Zwaartepunt monitoring verschuift

Naarmate de transitie vordert en in een volgende fase terechtkomt, komt er steeds meer informatie beschikbaar. Zo kunnen bijvoorbeeld de ervaringen van (gewezen) deelnemers en gepensioneerden met de transitie pas gemeten worden wanneer zij transitie-informatie van de uitvoerders van hun pensioenregeling hebben ontvangen. Het zwaartepunt van de monitoring zal dan ook geleidelijk van de arbeidsvoorwaardelijke fase naar de implementatiefase verschuiven.

Knelpunten gezamenlijk oplossen

De regeringscommissaris ziet op dit moment geen noodzaak om de uiterste transitiedatum verder aan te passen dan de voorgenomen verlenging tot 1 januari 2028. Wel geeft zij aan dat de sector voortvarend aan de slag moet blijven. Daarnaast is het van belang dat voor gesignaleerde knelpunten gezamenlijk naar een oplossing wordt gezocht en de sector snel duidelijkheid krijgt, van zowel wetgever als toezichthouders, wanneer die er nog niet is.

Uitstelgedrag bij werkgevers

Ook signaleert de regeringscommissaris dat er bij vooral kleinere werkgevers die aangesloten zijn bij verzekerde regelingen sprake lijkt te zijn van uitstelgedrag. Zij zijn nog niet allemaal voortvarend bezig met de overstap naar een nieuwe regeling. Dit kan aan het einde van de transitieperiode tot een samenloop van veel overstappers leiden, die voor verzekeraars en PPI’s lastig te verwerken wordt.

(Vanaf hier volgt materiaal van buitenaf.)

(* Let $\phi:\mathbb{M}_n\to\mathbb{M}_m$ be a positive linear map with Hilbert–Schmidt adjoint $\phi^*:\mathbb{M}_m\to\mathbb{M}_n$. Suppose that either \[ \mathrm{Tr}[\phi^*(K^*X^{+}K)] \geq \mathrm{Tr}[\phi^*(K)^*\phi^*(X)^{+}\phi^*(K)] \] holds for every $(K,X)\in\mathbb{M}_m\times\mathbb{M}_m^+$ with $\ker(X)\subseteq\ker(K^* )$, or \[ \mathrm{Tr}[K^*X^{+}K] \geq \mathrm{Tr}[\phi^*(K)^*\phi^*(X)^{+}\phi^*(K)] \] holds for every $(K,X)\in\mathbb{M}_m\times\mathbb{M}_m^+$ with $\ker(X)\subseteq\ker(K^* )$. Then $\ker(\phi^*(X))\subseteq\ker(\phi^*(K)^* )$ for every $(K,X)\in\mathbb{M}_m\times\mathbb{M}_m^+$ with $\ker(X)\subseteq\ker(K^* )$.
   Context: $\mathbb{M}_n$ denotes the $n\times n$ complex matrices and $\mathbb{M}_n^+$ the positive semidefinite ones; $Z^+$ denotes the Moore–Penrose generalized inverse; the adjoint is with respect to $\langle A,B\rangle=\mathrm{Tr}[A^*B]$. A positive map sends positive semidefinite matrices to positive semidefinite matrices. *)

theory Defs
  imports "HOL-Analysis.Analysis" "HOL-Library.Complex_Order"
begin

definition cadj :: "complex^'n^'m \<Rightarrow> complex^'m^'n" where
  "cadj A = (\<chi> i j. cnj (A $ j $ i))"

definition cscale :: "complex \<Rightarrow> complex^'n^'m \<Rightarrow> complex^'n^'m" where
  "cscale c A = (\<chi> i j. c * A $ i $ j)"

definition ker :: "complex^'n^'m \<Rightarrow> (complex^'n) set" where
  "ker A = {x. A *v x = 0}"

definition psd :: "complex^'n^'n \<Rightarrow> bool" where
  "psd A \<longleftrightarrow> cadj A = A \<and> (\<forall>x::complex^'n. (\<Sum>i\<in>UNIV. cnj (x $ i) * (A *v x) $ i) \<ge> 0)"

definition clinear_map :: "(complex^'n^'n \<Rightarrow> complex^'m^'m) \<Rightarrow> bool" where
  "clinear_map f \<longleftrightarrow> (\<forall>A B. f (A + B) = f A + f B) \<and> (\<forall>c A. f (cscale c A) = cscale c (f A))"

definition positive_map :: "(complex^'n^'n \<Rightarrow> complex^'m^'m) \<Rightarrow> bool" where
  "positive_map f \<longleftrightarrow> (\<forall>A. psd A \<longrightarrow> psd (f A))"

text \<open>Moore--Penrose generalized inverse: the unique matrix satisfying the Penrose equations.\<close>
definition mp_inv :: "complex^'n^'n \<Rightarrow> complex^'n^'n" where
  "mp_inv A = (THE B. A ** B ** A = A \<and> B ** A ** B = B \<and>
                     cadj (A ** B) = A ** B \<and> cadj (B ** A) = B ** A)"

end

theory Submission
  imports Defs
begin

(*
  Regularize X to X_e = X + e P, where P = I - X X^+ is the orthogonal projection onto
  ker X. For e > 0 the matrix X_e is positive definite, and ker X <= ker K^* gives P K = 0,
  hence K^* X_e^+ K = K^* X^+ K. Either hypothesis, applied to the pair K, X_e, therefore
  bounds Tr[phi^*(K)^* phi^*(X_e)^+ phi^*(K)] uniformly in e > 0.

  Since X_e dominates a positive multiple of every rank-one matrix y y^* and phi^* is
  positive, the kernel of phi^*(X_e) lies in the kernel of phi^* applied to each y y^*, and
  by polarization in ker phi^*(M)^* for every M. The Cauchy-Schwarz inequality for the form
  of A = phi^*(X_e) then gives
    |phi^*(K)^* v|^2 <= <v, A v> Tr[phi^*(K)^* A^+ phi^*(K)].
  For v in ker phi^*(X) we have <v, A v> = e <v, phi^*(P) v>, and letting e -> 0 yields
  phi^*(K)^* v = 0.
*)

lemma quadratic_nonneg_imp_discriminant:
  fixes a b k :: real
  assumes nonneg: "\<And>t. 0 \<le> a - 2 * t * k + t\<^sup>2 * k * b" and "0 \<le> k" "0 \<le> b"
  shows "k \<le> a * b"
proof (cases "b = 0")
  case True
  show ?thesis
  proof (rule ccontr)
    assume "\<not> k \<le> a * b"
    then have "k > 0"
      using True by simp
    moreover have "0 \<le> a - 2 * ((a + 1) / (2 * k)) * k"
      using nonneg[of "(a + 1) / (2 * k)"] True by simp
    ultimately show False
      by (simp add: field_simps)
  qed
next
  case False
  then have "b > 0"
    using \<open>0 \<le> b\<close> by simp
  moreover have "0 \<le> a - 2 * (1 / b) * k + (1 / b)\<^sup>2 * k * b"
    by (rule nonneg)
  ultimately show ?thesis
    by (simp add: field_simps power2_eq_square)
qed

lemma nonpos_if_le_all_pos_mult:
  fixes x C :: real
  assumes "\<And>e. 0 < e \<Longrightarrow> x \<le> e * C"
  shows "x \<le> 0"
proof (rule field_le_epsilon)
  fix d :: real
  assume "0 < d"
  then have "x \<le> d / (\<bar>C\<bar> + 1) * C"
    by (intro assms) simp
  also have "\<dots> \<le> d / (\<bar>C\<bar> + 1) * (\<bar>C\<bar> + 1)"
    using \<open>0 < d\<close> by (intro mult_left_mono) auto
  also have "\<dots> = d"
    by simp
  finally show "x \<le> 0 + d"
    by simp
qed

section \<open>Complex inner product, adjoints and rank-one matrices\<close>

definition cinner :: "complex^'n \<Rightarrow> complex^'n \<Rightarrow> complex" where
  "cinner x y = (\<Sum>i\<in>UNIV. cnj (x $ i) * y $ i)"

definition outer :: "complex^'n \<Rightarrow> complex^'n \<Rightarrow> complex^'n^'n" where
  "outer x y = (\<chi> i j. x $ i * cnj (y $ j))"

lemma cadj_cadj [simp]: "cadj (cadj A) = A"
  by (simp add: cadj_def vec_eq_iff)

lemma cadj_mult: "cadj (A ** B) = cadj B ** cadj A"
  by (simp add: cadj_def vec_eq_iff matrix_matrix_mult_def mult.commute)

lemma cadj_add: "cadj (A + B) = cadj A + cadj B"
  by (simp add: cadj_def vec_eq_iff)

lemma cadj_diff: "cadj (A - B) = cadj A - cadj B"
  by (simp add: cadj_def vec_eq_iff)

lemma cadj_scaleR: "cadj (r *\<^sub>R A) = r *\<^sub>R cadj A"
  by (simp add: cadj_def vec_eq_iff)

lemma cadj_cscale: "cadj (cscale c A) = cscale (cnj c) (cadj A)"
  by (simp add: cadj_def cscale_def vec_eq_iff)

lemma cadj_mat [simp]: "cadj (mat 1) = mat 1"
  by (simp add: cadj_def mat_def vec_eq_iff)

lemma cadj_zero [simp]: "cadj 0 = 0"
  by (simp add: cadj_def vec_eq_iff)

lemma cadj_eq_0_iff [simp]: "cadj A = 0 \<longleftrightarrow> A = 0"
  by (metis cadj_cadj cadj_zero)

lemma matrix_add_rdistrib: "((A::'a::semiring_1^'n^'m) + B) ** C = A ** C + B ** C"
  by (simp add: matrix_matrix_mult_def vec_eq_iff sum.distrib distrib_right)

De minister roept dan ook werkgeversorganisaties, financieel adviseurs, verzekeraars en PPI’s op om gezamenlijk voldoende communicatie in te zetten om deze groep kleinere werkgevers te activeren.

Hoorrecht

Met de Wet toekomst pensioenen is voor verenigingen van gepensioneerden en van gewezen deelnemers het zogeheten hoorrecht geïntroduceerd. Hiermee kunnen zij gelegenheid krijgen hun oordeel uit te spreken over het concept-transitieplan van het pensioenfonds.

In ieder geval bij 57% van de geanalyseerde transitieplannen heeft een vereniging zich gemeld bij de sociale partners om gebruik te maken van het zogeheten hoorrecht. Uit een quickscan blijkt dat dit hoorrecht in veel gevallen op een adequate manier wordt uitgevoerd, aldus de minister. Wel blijkt het belangrijk dat de verenigingen tijdig betrokken worden. In 20% van de gevallen heeft het hoorrecht geleid tot aanpassingen in het concept-transitieplan door de sociale partners. In een aantal gevallen hebben de betrokken partijen de vormgeving van het hoorrecht als ontoereikend ervaren.

Solidaire premieregeling

Uit de gepubliceerde transitieplannen blijkt dat sociale partners bij 26 van de 28 fondsen kiezen voor de solidaire premieregeling. In alle gevallen zijn ze een solidariteitsreserve of een risicodelingsreserve overeengekomen. De hoogte van deze reserves varieert tussen de 3% en 15%; de omvang van de reserve is in 67% van de pensioenregelingen afhankelijk van de dekkingsgraad op het moment van transitie. Bij de overige pensioenregelingen is de omvang van de reserve niet afhankelijk van de dekkingsgraad op het moment van transitie.